Policy & Strategy

White House, NATO set final summit on Afghan war

President Obama and NATO Secretary General Anders Fogh Rasmussen agreed to hold the summit during a joint meeting in Washington on Friday. 

{mosads}”We’ve seen great progress in [Afghanistan]. We want to continue that progress … continuing to work effectively with their Afghan counterparts so that moving into next year, we have a successful Afghan election, and we continue transition until the end of 2014 whereby our combat roles will be completed,” Obama told reporters at the White House. 

For his part, Rasmussen reiterated the alliance’s support for the White House’s deadline to have all U.S. and coalition forces out of the country within the next year. 

“Our goal is in sight [and] soon, we will reach an important milestone,” the NATO chief said during the joint briefing with Obama. 

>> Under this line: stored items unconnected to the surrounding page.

text \<open>The ambient type 'a carries a (not necessarily unital) ring structure; the
scalar action of the commutative unital ring 'r (playing the role of Phi) is smult.\<close>

definition is_algebra :: "('r::comm_ring_1 \<Rightarrow> 'a::ring \<Rightarrow> 'a) \<Rightarrow> bool" where
  "is_algebra smult \<longleftrightarrow>
     (\<forall>r x y. smult r (x + y) = smult r x + smult r y) \<and>
     (\<forall>r s x. smult (r + s) x = smult r x + smult s x) \<and>
     (\<forall>r s x. smult (r * s) x = smult r (smult s x)) \<and>
     (\<forall>x. smult 1 x = x) \<and>
     (\<forall>r x y. smult r (x * y) = smult r x * y) \<and>
     (\<forall>r x y. smult r (x * y) = x * smult r y)"

definition subalgebra :: "('r::comm_ring_1 \<Rightarrow> 'a::ring \<Rightarrow> 'a) \<Rightarrow> 'a set \<Rightarrow> bool" where
  "subalgebra smult S \<longleftrightarrow> 0 \<in> S \<and>
     (\<forall>x\<in>S. \<forall>y\<in>S. x + y \<in> S \<and> x * y \<in> S) \<and> (\<forall>x\<in>S. - x \<in> S) \<and>
     (\<forall>r. \<forall>x\<in>S. smult r x \<in> S)"

definition alg_ideal :: "('r::comm_ring_1 \<Rightarrow> 'a::ring \<Rightarrow> 'a) \<Rightarrow> 'a set \<Rightarrow> 'a set \<Rightarrow> bool" where
  "alg_ideal smult A I \<longleftrightarrow> I \<subseteq> A \<and> 0 \<in> I \<and>
     (\<forall>x\<in>I. \<forall>y\<in>I. x + y \<in> I) \<and> (\<forall>x\<in>I. - x \<in> I) \<and> (\<forall>r. \<forall>x\<in>I. smult r x \<in> I) \<and>
     (\<forall>a\<in>A. \<forall>x\<in>I. a * x \<in> I \<and> x * a \<in> I)"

Roughly 66,000 American troops remain in Afghanistan, with half of those forces scheduled to withdraw from the country this spring. 

The final 32,000 American forces remaining in country will start coming home following the country’s presidential election in April 2014 — officially ending America’s combat role in Afghanistan. 

“The Afghans will take the lead for security across the country … [and] by the end of 2014, our combat mission will be completed, our combat troops will return home, the Afghan security forces will take full responsibility for the security,” he added. 

Obama noted the two leaders discussed several options on how to prepare and support Afghanistan as it assumes control of the country, politically and militarily, after 2014 and beyond. 

“We had an opportunity to discuss not only the planning for the next year and a half, but also what kinds of steps we could take post-2014,” Obama said. 

Those steps, he added, will “continue to ensure that Afghan security forces are effective and can control their own borders, and NATO members can be assured that Afghanistan will not be used as a base for terrorism in the future.” 

However, Obama and Rasmussen declined to provide details on the number of U.S. and NATO troops that would remain behind in Afghanistan to aid in that transition. 

Gen. Joseph Dunford, the head of U.S. and coalition forces in Afghanistan, along with other former American commanders have called for a U.S. force of more than 13,000 troops for postwar Afghanistan. 

That force would be backed by a 6,000 to 7,000-man NATO contingent, with the total coalition force conducting training and advising missions for the Afghan National Security Forces (ANSF). 

Former Central Command chief Gen. James Mattis and former top officer in Afghanistan, Gen. John Allen, also expressed support for the 13,000-troop force. 

However that recommendation runs contrary to the 8,000 to 9,000 troops the White House is reportedly eying for postwar Afghanistan. 

Administration officials have also flirted with the notion of leaving no American troops in country after 2014. 

Whatever the postwar troop figure ends up being, that force will represent America’s legacy in the “final chapter” of the Afghan war, according to the president. 

“Not only will [we] … be able to underscore this final chapter in our Afghan operations but also to paint a picture of a future whereby we’re partnering with the Afghan government on behalf of the Afghan people and on behalf of world security,” Obama said.